2 Jun 2016

Calls for steel inquiry go international

8:31 pm on 2 June 2016

A top international testing organisation has been alerted to the Huntly steel failures and wants them investigated.

Sixteen hundred tonnes of seismic steel intended to hold up four bridges on the Waikato Expressway failed tests in New Zealand, despite passing tests in China.

A photo posted by NZTA to Facebook in May 2016 shows the Huntly northern interchange, looking south.

A photo posted by NZTA to Facebook in May 2016 shows part of the $450 million Huntly section of the $2 billion Waikato Expressway. Photo: NZTA / Facebook

International Accreditation New Zealand (IANZ) has alerted the international network of accreditation authorities - International Laboratory Accreditation Cooperation (ILAC) - after Steel & Tube said some of those tests were by an ILAC-accredited lab.

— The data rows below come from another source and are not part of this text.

(* There is an absolute constant $c_1>0$ such that for each $b\in(0,\pi]$, each $n\in\mathbb{N}$ and every trigonometric polynomial $T_n\in\mathcal{T}_n$, $$\|F_1-T_n\|_{[-b,b]}\ge \frac{c_1 b}{n},$$ where $F_1(x)=|x|$. Moreover one can take $c_1\ge (80c_0)^{-1}$, where $c_0<10$ is an absolute constant such that $\|T_n'\|_{[-b/2,b/2]}\le \frac{c_0}{b}n\|T_n\|_{[-b,b]}$ for all $b\in(0,\pi)$, $n\in\mathbb{N}$ and all odd $T_n\in\mathcal{T}_n$.
   Context: $\mathcal{T}_n$ is the space of real trigonometric polynomials of degree $\le n$. For a function $g$ on $[a,b]$, $\|g\|_{[a,b]}:=\max_{x\in[a,b]}|g(x)|$. *)

theory Defs
  imports "HOL-Analysis.Analysis"
begin

definition trigpoly :: "nat \<Rightarrow> (real \<Rightarrow> real) set" where
  "trigpoly n = {T. \<exists>a b :: nat \<Rightarrow> real. \<forall>x.
      T x = a 0 + (\<Sum>k=1..n. a k * cos (real k * x) + b k * sin (real k * x))}"

definition supnorm_on :: "real \<Rightarrow> real \<Rightarrow> (real \<Rightarrow> real) \<Rightarrow> real" where
  "supnorm_on a b g = (SUP x\<in>{a..b}. \<bar>g x\<bar>)"

definition bernstein_const :: "real \<Rightarrow> bool" where
  "bernstein_const c0 \<longleftrightarrow> (\<forall>b n T. 0 < b \<and> b < pi \<and> n \<ge> 1 \<and> T \<in> trigpoly n
      \<and> (\<forall>x. T (-x) = - T x) \<longrightarrow>
      supnorm_on (-b/2) (b/2) (deriv T) \<le> c0 / b * real n * supnorm_on (-b) b T)"

end

theory Submission
  imports Defs "HOL-Computational_Algebra.Polynomial"
begin

text \<open>Both bounds come from the corner of \<open>\<bar>x\<bar>\<close> at \<open>0\<close>. If a trigonometric polynomial \<open>P\<close> is
  within \<open>E\<close> of \<open>f\<close> on \<open>[-2h, 2h]\<close>, the mean value theorem for the central difference
  \<open>P (x + h) - P (x - h)\<close> gives a point where its derivative is at least
  \<open>(f (2h) - 2 f 0 + f (-2h) - 4E) / (2h)\<close>. A Bernstein inequality bounds this derivative by
  about \<open>n / b\<close> times the size of the central difference, which is \<open>O(h + E)\<close>. For \<open>\<bar>x\<bar>\<close> the
  second difference is \<open>4h\<close>, so taking \<open>h\<close> of order \<open>b / n\<close> forces \<open>E\<close> of order \<open>b / n\<close>.

  With the constant \<open>c\<^sub>0\<close> the hypothesised inequality is applied to the central difference of
  the even part of \<open>T\<close>, which is odd. For the absolute constant we prove Bernstein's inequality
  \<open>\<bar>T'\<bar> \<le> 2 n \<parallel>T\<parallel>\<close> on the whole line by counting zeros of \<open>T - cos (n x + p)\<close>, and move from
  \<open>[-b, b]\<close> to the whole line by the substitution \<open>sin (x / 2) = sin (b / 2) \<bar>sin (t / 2)\<bar>\<close>,
  which keeps the even part of \<open>T\<close> a trigonometric polynomial of degree \<open>n\<close>.\<close>

lemma trigpolyI:
  assumes "\<And>x. T x = a 0 + (\<Sum>k=1..n. a k * cos (real k * x) + b k * sin (real k * x))"
  shows "T \<in> trigpoly n"
  using assms unfolding trigpoly_def by blast

lemma trigpolyE:
  assumes "T \<in> trigpoly n"
  obtains a b where "\<And>x. T x = a 0 + (\<Sum>k=1..n. a k * cos (real k * x) + b k * sin (real k * x))"
  using assms unfolding trigpoly_def by blast

lemma trigpoly_add:
  assumes "S \<in> trigpoly n" "T \<in> trigpoly n"
  shows "(\<lambda>x. S x + T x) \<in> trigpoly n"
proof -
  obtain a b where S: "\<And>x. S x = a 0 + (\<Sum>k=1..n. a k * cos (real k * x) + b k * sin (real k * x))"
    using trigpolyE[OF assms(1)] by blast
  obtain c d where T: "\<And>x. T x = c 0 + (\<Sum>k=1..n. c k * cos (real k * x) + d k * sin (real k * x))"
    using trigpolyE[OF assms(2)] by blast
  show ?thesis
    by (rule trigpolyI[where a="\<lambda>k. a k + c k" and b="\<lambda>k. b k + d k"])
       (simp add: S T sum.distrib algebra_simps)
qed

lemma trigpoly_cmult:
  assumes "T \<in> trigpoly n"
  shows "(\<lambda>x. c * T x) \<in> trigpoly n"
proof -
  obtain a b where T: "\<And>x. T x = a 0 + (\<Sum>k=1..n. a k * cos (real k * x) + b k * sin (real k * x))"
    using trigpolyE[OF assms] by blast
  show ?thesis
    by (rule trigpolyI[where a="\<lambda>k. c * a k" and b="\<lambda>k. c * b k"])
       (simp add: T sum_distrib_left algebra_simps)
qed

lemma trigpoly_diff:
  assumes "S \<in> trigpoly n" "T \<in> trigpoly n"
  shows "(\<lambda>x. S x - T x) \<in> trigpoly n"
  using trigpoly_add[OF assms(1) trigpoly_cmult[OF assms(2), of "-1"]] by simp

lemma trigpoly_shift:
  assumes "T \<in> trigpoly n"
  shows "(\<lambda>x. T (x + h)) \<in> trigpoly n"
proof -
  obtain a b where T: "\<And>x. T x = a 0 + (\<Sum>k=1..n. a k * cos (real k * x) + b k * sin (real k * x))"
    using trigpolyE[OF assms] by blast
  show ?thesis
    by (rule trigpolyI[where a="\<lambda>k. a k * cos (real k * h) + b k * sin (real k * h)"
          and b="\<lambda>k. b k * cos (real k * h) - a k * sin (real k * h)"])
       (simp add: T distrib_left cos_add sin_add algebra_simps)
qed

IANZ said it was difficult to proceed with inquiries because it had not been told which mill in China made the steel, whether the mill's own lab or another tested it, and whether the lab was properly accredited.

It was also not known which steel the lab was given to test.

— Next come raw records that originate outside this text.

(* Let $2<p<N$, let $G=(V,E,w)$ satisfy the standing assumptions and the Sobolev inequality (S), and let $\rho$ be the density as below. Set $\lambda=N(p-2)+p$ and suppose that for some $\nu>0$ (taken sufficiently large) $$\sum_{x\in V}\rho(x)^{N(p-1+\nu)/(\lambda+p\nu)}\,m(x)<\infty.$$ Let $u\ge0$ be a solution of $\rho(x)\partial_tu(x,t)-\Delta_pu(x,t)=0$ in $V\times(0,T)$ for every $T>0$. Then for all $t>0$ $$\|u(t)\|_\infty=\sup_{x\in V}|u(x,t)|\le C\,t^{-1/(p-2)},$$ where $C$ is independent of the initial datum $u(\cdot,0)$.
   Context: Standing setting: $G=(V,E,w)$ is a simple, undirected, infinite, connected graph; $w$ symmetric, $w(x,x)=0$, $w(x,y)>0$ iff $x\sim y$; $m(x)=\sum_{y\sim x}w(x,y)$ is bounded above and $\inf_x m(x)>0$. Fix $x_0\in V$, $d(x)$ the combinatorial distance to $x_0$. $\Delta_p u(x)=\frac{1}{m(x)}\sum_{y\in V}|u(y)-u(x)|^{p-2}(u(y)-u(x))w(x,y)$. The density is $\rho(x)=\rho(d(x))$ with $\rho$ positive, nonincreasing, $\rho\le1$. (S) Sobolev inequality: with $p^*=Np/(N-p)$, there is $C$ such that for every finite $U\subset V$ and every $f:V\to\mathbb R$ vanishing outside $U$, $\big(\sum_{x\in U}|f(x)|^{p^*}m(x)\big)^{1/p^*}\le C\big(\sum_{x,y\in U}|f(y)-f(x)|^pw(x,y)\big)^{1/p}$. A solution is a function $u\in L^\infty(0,T;\ell^r(V))$ for some $r\ge1$ such that $t\mapsto u(x,t)$ is $C^1$ on $[0,T]$ for every $x$ and the equation holds pointwise. *)

theory Defs
  imports "HOL-Analysis.Analysis"
begin

definition edges :: "('v \<Rightarrow> 'v \<Rightarrow> real) \<Rightarrow> ('v \<times> 'v) set" where
  "edges w = {(x, y). w x y > 0}"

definition weighted_graph :: "('v \<Rightarrow> 'v \<Rightarrow> real) \<Rightarrow> bool" where
  "weighted_graph w \<longleftrightarrow>
     infinite (UNIV :: 'v set) \<and>
     (\<forall>x y. w x y = w y x) \<and> (\<forall>x. w x x = 0) \<and> (\<forall>x y. w x y \<ge> 0) \<and>
     (\<forall>x y. (x, y) \<in> (edges w)\<^sup>*) \<and>
     (\<forall>x. w x summable_on UNIV)"

definition vmeas :: "('v \<Rightarrow> 'v \<Rightarrow> real) \<Rightarrow> 'v \<Rightarrow> real" where
  "vmeas w x = (\<Sum>\<^sub>\<infinity>y. w x y)"

definition gdist :: "('v \<Rightarrow> 'v \<Rightarrow> real) \<Rightarrow> 'v \<Rightarrow> 'v \<Rightarrow> nat" where
  "gdist w x0 x = (LEAST n. (x0, x) \<in> (edges w) ^^ n)"
text \<open>Q is generated by (2, 1), whose square is (2, 2); the substitution s writes an arbitrary
  element of Q in terms of this generator.\<close>

lemma holds_in_Q_if_holds_in_F1B:
  fixes f :: "'k::field_char_0 npoly"
  assumes "holds_in_F1B f"
  shows "holds_in scaleQ multQ f"
  unfolding holds_in_def
proof
  fix v :: "nat \<Rightarrow> 'k \<times> 'k"
  define s where "s i =
    PAdd (PSmult (fst (v i) - snd (v i)) (PVar 0))
      (PSmult ((2 * snd (v i) - fst (v i)) / 2) (PMul (PVar 0) (PVar 0)))" for i
  have "beq (psubst s f) PZero"
    using assms by (simp add: holds_in_F1B_def s_def)
  then have "peval scaleQ multQ (\<lambda>_. (2, 1)) (psubst s f) = 0"
    using beq_imp_peval_eq[OF bicomm_algebra_Q] by fastforce
  moreover have "peval scaleQ multQ (\<lambda>_. (2, 1)) (s i) = v i" for i
    by (simp add: s_def scaleQ_def multQ_def prod_eq_iff field_simps)
  ultimately show "peval scaleQ multQ v f = 0"
    by (simp add: peval_psubst)
qed

primrec mono_vars :: "mono \<Rightarrow> (nat + nat) multiset" where
  "mono_vars (MVar i) = {#Inl i#}"
| "mono_vars (MProd L R) = image_mset Inl L + image_mset Inr R"

lemma inj_on_mono_vars: "inj_on mono_vars {m. proper_mono m}"
proof (rule inj_on_inverseI)
  fix m
  assume "m \<in> {m. proper_mono m}"
  then show "(\<lambda>M. let L = image_mset projl (filter_mset isl M); R = image_mset projr (filter_mset (Not \<circ> isl) M)
      in if R = {#} then MVar (the_elem (set_mset L)) else MProd L R) (mono_vars m) = m"
    by (cases m) (simp_all add: filter_mset_image_mset image_mset.compositionality o_def)
qed

lemma fst_mono_val_Q:
  assumes "proper_mono m"
  shows "fst (bicomm_mult.mono_val multQ (\<lambda>i. (a i, b i)) m) = (\<Prod>y\<in>#mono_vars m. case_sum a b y)"
proof -
  interpret Q: bicomm_mult multQ "\<lambda>i. (a i, b i)"
    using bicomm_algebra_Q unfolding bicomm_algebra_def bicomm_mult_def by blast
  have lmults: "Q.lmults L (t, t) = ((\<Prod>i\<in>#L. a i) * t, (\<Prod>i\<in>#L. a i) * t)" for L t
    by (induction L) (simp_all, simp add: multQ_def)
  have rmults: "Q.rmults R (t, t) = (t * (\<Prod>i\<in>#R. b i), t * (\<Prod>i\<in>#R. b i))" for R t
    by (induction R) (simp_all, simp add: multQ_def mult.assoc)
  show ?thesis
  proof (cases m)
    case (MProd L R)
    with assms obtain l L' r R' where "L = add_mset l L'" "R = add_mset r R'"
      by (blast elim: proper_MProd_cases)
    with MProd show ?thesis
      by (simp add: Q.monomial_at_def multQ_def lmults rmults image_mset.compositionality o_def mult_ac)
  qed simp
qed

lemma nf_coeff_eq_0_if_holds_in_Q:
  fixes f :: "'k::field_char_0 npoly"
  assumes "holds_in scaleQ multQ f"
  shows "nf_coeff f m = 0"
proof (cases "m \<in> snd ` set (nf f)")
  case True
  let ?T = "snd ` set (nf f)"
  have vanish: "(\<Sum>n\<in>?T. nf_coeff f n * (\<Prod>y\<in>#mono_vars n. z y)) = 0" for z
  proof -
    let ?v = "\<lambda>i. (z (Inl i), z (Inr i))"
    have "case_sum (\<lambda>i. z (Inl i)) (\<lambda>i. z (Inr i)) = z"
      by (auto simp: fun_eq_iff split: sum.split)
    then have "fst (bicomm_mult.mono_val multQ ?v n) = (\<Prod>y\<in>#mono_vars n. z y)" if "n \<in> ?T" for n
      using fst_mono_val_Q[of n "\<lambda>i. z (Inl i)" "\<lambda>i. z (Inr i)"] proper_mono_nf that by force
    then have "(\<Sum>n\<in>?T. nf_coeff f n * (\<Prod>y\<in>#mono_vars n. z y))
        = fst (\<Sum>n\<in>?T. scaleQ (nf_coeff f n) (bicomm_mult.mono_val multQ ?v n))"
      by (simp add: fst_sum scaleQ_def)
    also have "\<dots> = fst (peval scaleQ multQ ?v f)"
      by (simp add: peval_eq_sum_nf_coeff[OF bicomm_algebra_Q])
    also have "\<dots> = 0"
      using assms by (simp add: holds_in_def)
    finally show ?thesis .
  qed
  have "inj_on mono_vars ?T"
    by (rule inj_on_subset[OF inj_on_mono_vars]) (auto simp: proper_mono_nf)
  with vanish True show ?thesis
    by (intro prod_mset_funs_independent[of ?T mono_vars "nf_coeff f"]) simp_all
qed (rule nf_coeff_eq_0_if_not_in_nf)

theorem corollary4p5:
  fixes f :: "'k::field_char_0 npoly"
    and scale :: "'k \<Rightarrow> 'a::ab_group_add \<Rightarrow> 'a"
    and mult :: "'a \<Rightarrow> 'a \<Rightarrow> 'a"
  assumes "holds_in_F1B f"
    and "bicomm_algebra scale mult"
  shows "holds_in scale mult f"
proof -
  interpret module scale
    using assms(2) by (simp add: bicomm_algebra_def)
  have "nf_coeff f m = 0" for m
    using holds_in_Q_if_holds_in_F1B[OF assms(1)] by (rule nf_coeff_eq_0_if_holds_in_Q)
  then show ?thesis
    by (simp add: holds_in_def peval_eq_sum_nf_coeff[OF assms(2)])
qed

Steel & Tube and the contractors, Fulton Hogan and HEB Construction, have refused to release this information to RNZ News.

IANZ has also alerted the Chinese National Accreditation Service.

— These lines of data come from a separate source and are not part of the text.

(* Let $(x_n,y_n)_{n\in\mathbb Z}$ and $(x'_n,y'_n)_{n\in\mathbb Z}$ be two elliptic sequences in general position on the same biquadratic polynomial $F$. For integers $m\ge1$, $r,s$, let $Q_{m,r,s}(y)=\dfrac{(y-y_r)\cdots(y-y_{r+m-1})}{(y-y'_s)\cdots(y-y'_{s+m-1})}$. Then there exist a constant $C^\dagger_{m,r,s}$ and a polynomial $D^\dagger_{m,r,s}$ of degree at most $2$ such that, as rational functions of $x$, $$\mathcal D^\dagger Q_{m,r,s}(x)=C^\dagger_{m,r,s}X_2(x)\frac{(x-x_{r+1})\cdots(x-x_{r+m-1})}{(x-x'_s)(x-x'_{s+1})\cdots(x-x'_{s+m})},\qquad \mathcal M^\dagger Q_{m,r,s}(x)=D^\dagger_{m,r,s}(x)\frac{(x-x_{r+1})\cdots(x-x_{r+m-1})}{(x-x'_s)\cdots(x-x'_{s+m})}.$$ Moreover $C^\dagger_{1,r,s}=\dfrac{y'_s-y_r}{Y_2(y'_s)}$ and $D^\dagger_{1,r,s}(x)=\dfrac{X_0(x)+(y_r+y'_s)X_1(x)/2+y_ry'_sX_2(x)}{Y_2(y'_s)}$.
   Context: $F(x,y)=\sum_{i,j=0}^2c_{i,j}x^iy^j=Y_0(y)+xY_1(y)+x^2Y_2(y)=X_0(x)+yX_1(x)+y^2X_2(x)$. An elliptic sequence on $F$ is $(x_n,y_n)_{n\in\mathbb Z}$ such that for every $n$, $x_n,x_{n+1}$ are the two roots of $F(\cdot,y_n)$ and $y_{n-1},y_n$ the two roots of $F(x_n,\cdot)$; general position: all $x_n,x'_n$ distinct, all $y_n,y'_n$ distinct, $X_2,Y_2$ nonvanishing there. For a rational function $g$ of $y$ and a value $x$ with $y^\pm$ the two roots of $F(x,y)=0$: $(\mathcal D^\dagger g)(x)=-\frac{g(y^+)-g(y^-)}{y^+-y^-}$, $(\mathcal M^\dagger g)(x)=\frac{g(y^+)+g(y^-)}2$; on the lattice $(\mathcal D^\dagger g)(x_n)=-\frac{g(y_n)-g(y_{n-1})}{y_n-y_{n-1}}$, $(\mathcal M^\dagger g)(x_n)=\frac{g(y_n)+g(y_{n-1})}2$. Empty products equal $1$. *)

theory Defs
  imports Complex_Main "HOL-Computational_Algebra.Polynomial"
begin

definition bqF :: "(nat \<Rightarrow> nat \<Rightarrow> complex) \<Rightarrow> complex \<Rightarrow> complex \<Rightarrow> complex" where
  "bqF c x y = (\<Sum>i\<le>2. \<Sum>j\<le>2. c i j * x ^ i * y ^ j)"

definition bqX :: "(nat \<Rightarrow> nat \<Rightarrow> complex) \<Rightarrow> nat \<Rightarrow> complex \<Rightarrow> complex" where
  "bqX c j x = (\<Sum>i\<le>2. c i j * x ^ i)"

definition bqY :: "(nat \<Rightarrow> nat \<Rightarrow> complex) \<Rightarrow> nat \<Rightarrow> complex \<Rightarrow> complex" where
  "bqY c i y = (\<Sum>j\<le>2. c i j * y ^ j)"

text \<open>Elliptic sequence: x_n, x_{n+1} are the two roots (with multiplicity) of F(.,y_n),
  and y_{n-1}, y_n are the two roots of F(x_n,.).\<close>
definition elliptic_seq ::
  "(nat \<Rightarrow> nat \<Rightarrow> complex) \<Rightarrow> (int \<Rightarrow> complex) \<Rightarrow> (int \<Rightarrow> complex) \<Rightarrow> bool" where
  "elliptic_seq c xs ys \<longleftrightarrow>
     (\<forall>n. \<forall>t. bqF c t (ys n) = bqY c 2 (ys n) * (t - xs n) * (t - xs (n + 1))) \<and>
     (\<forall>n. \<forall>t. bqF c (xs n) t = bqX c 2 (xs n) * (t - ys (n - 1)) * (t - ys n))"

definition general_position ::
  "(nat \<Rightarrow> nat \<Rightarrow> complex) \<Rightarrow> (int \<Rightarrow> complex) \<Rightarrow> (int \<Rightarrow> complex)
     \<Rightarrow> (int \<Rightarrow> complex) \<Rightarrow> (int \<Rightarrow> complex) \<Rightarrow> bool" where
  "general_position c xs ys xs' ys' \<longleftrightarrow>
     inj xs \<and> inj xs' \<and> (\<forall>n m. xs n \<noteq> xs' m) \<and>
     inj ys \<and> inj ys' \<and> (\<forall>n m. ys n \<noteq> ys' m) \<and>
     (\<forall>n. bqX c 2 (xs n) \<noteq> 0 \<and> bqX c 2 (xs' n) \<noteq> 0) \<and>
     (\<forall>n. bqY c 2 (ys n) \<noteq> 0 \<and> bqY c 2 (ys' n) \<noteq> 0)"

text \<open>The operators D-dagger and M-dagger applied to g at a point x whose two roots
  F(x,.) are yp, ym.\<close>
definition Ddag :: "(complex \<Rightarrow> complex) \<Rightarrow> complex \<Rightarrow> complex \<Rightarrow> complex" where
  "Ddag g yp ym = - (g yp - g ym) / (yp - ym)"

definition Mdag :: "(complex \<Rightarrow> complex) \<Rightarrow> complex \<Rightarrow> complex \<Rightarrow> complex" where
  "Mdag g yp ym = (g yp + g ym) / 2"

definition Qfun :: "(int \<Rightarrow> complex) \<Rightarrow> (int \<Rightarrow> complex) \<Rightarrow> nat \<Rightarrow> int \<Rightarrow> int \<Rightarrow> complex \<Rightarrow> complex" where
  "Qfun ys ys' m r s y = (\<Prod>k<m. (y - ys (r + int k))) / (\<Prod>k<m. (y - ys' (s + int k)))"

end

theory Submission
  imports Defs
begin

text \<open>By partial fractions, Q(y) = 1 + sum_k A_k / (y - y'_{s+k}). If F(x, y) = X_2(x) (y - y+) (y - y-),
  a simple pole gives D^dagger(1/(y - w)) = X_2(x) / F(x, w) and
  M^dagger(1/(y - w)) = - F_y(x, w) / (2 F(x, w)), while the second sequence factors
  F(x, y'_n) = Y_2(y'_n) (x - x'_n) (x - x'_{n+1}). Over the common denominator
  prod_{k <= m} (x - x'_{s+k}) this writes D^dagger Q = X_2 U / ... and M^dagger Q = V / ... with
  deg U <= m - 1 and deg V <= m + 1. At x = x_{r+j}, 1 <= j < m, the roots of F(x, .) are
  y_{r+j-1} and y_{r+j}, both zeros of Q; so U and V vanish at these m - 1 distinct points, and
  dividing by prod_j (x - x_{r+j}) leaves a constant C and a polynomial D of degree at most 2.\<close>

lemma degree_prod_linear:
  fixes z :: "'b \<Rightarrow> 'a::idom"
  shows "degree (\<Prod>k\<in>K. [:- z k, 1:]) = card K"
proof (cases "finite K")
  case True
  then have "degree (\<Prod>k\<in>K. [:- z k, 1:]) = (\<Sum>k\<in>K. degree [:- z k, 1:])"
    by (intro degree_prod_eq_sum_degree) auto
  then show ?thesis by simp
qed simp

lemma coeff_prod_linear_card:
  fixes z :: "'b \<Rightarrow> 'a::idom"
  shows "coeff (\<Prod>k\<in>K. [:- z k, 1:]) (card K) = 1"
  using lead_coeff_prod[of "\<lambda>k. [:- z k, 1:]" K] by (simp add: degree_prod_linear)

lemma prod_linear_dvd:
  fixes z :: "'b \<Rightarrow> 'a::idom"
  assumes "finite K" "inj_on z K" "\<forall>k\<in>K. poly p (z k) = 0"
  shows "(\<Prod>k\<in>K. [:- z k, 1:]) dvd p"
  using assms
proof (induction K rule: finite_induct)
  case (insert a K)
  then obtain q where q: "p = (\<Prod>k\<in>K. [:- z k, 1:]) * q"
    by (auto elim!: dvdE)
  have "poly (\<Prod>k\<in>K. [:- z k, 1:]) (z a) \<noteq> 0"
    using insert.hyps insert.prems(1) by (auto simp: poly_prod)
  with insert.prems(2) q have "poly q (z a) = 0" by simp
  then have "[:- z a, 1:] dvd q" by (simp add: poly_eq_0_iff_dvd)
  then have "(\<Prod>k\<in>K. [:- z k, 1:]) * [:- z a, 1:] dvd p"
    unfolding q by (rule mult_dvd_mono[OF dvd_refl])
  then show ?case using insert.hyps by (simp add: mult.commute)
qed simp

The government said earlier today that it would not investigate the importation of the weak steel, which it described as a one-off.

The steel should have been used to hold up four bridges on the $450 million Huntly Bypass, which forms part of the $2 billion Waikato Expressway.

It was still used in two of the bridges, alongside concrete reinforcement, and the contractors have asked Steel & Tube for replacement tube piles for the two others.

The New Zealand Transport Agency said there were no safety issues with any of the bridges.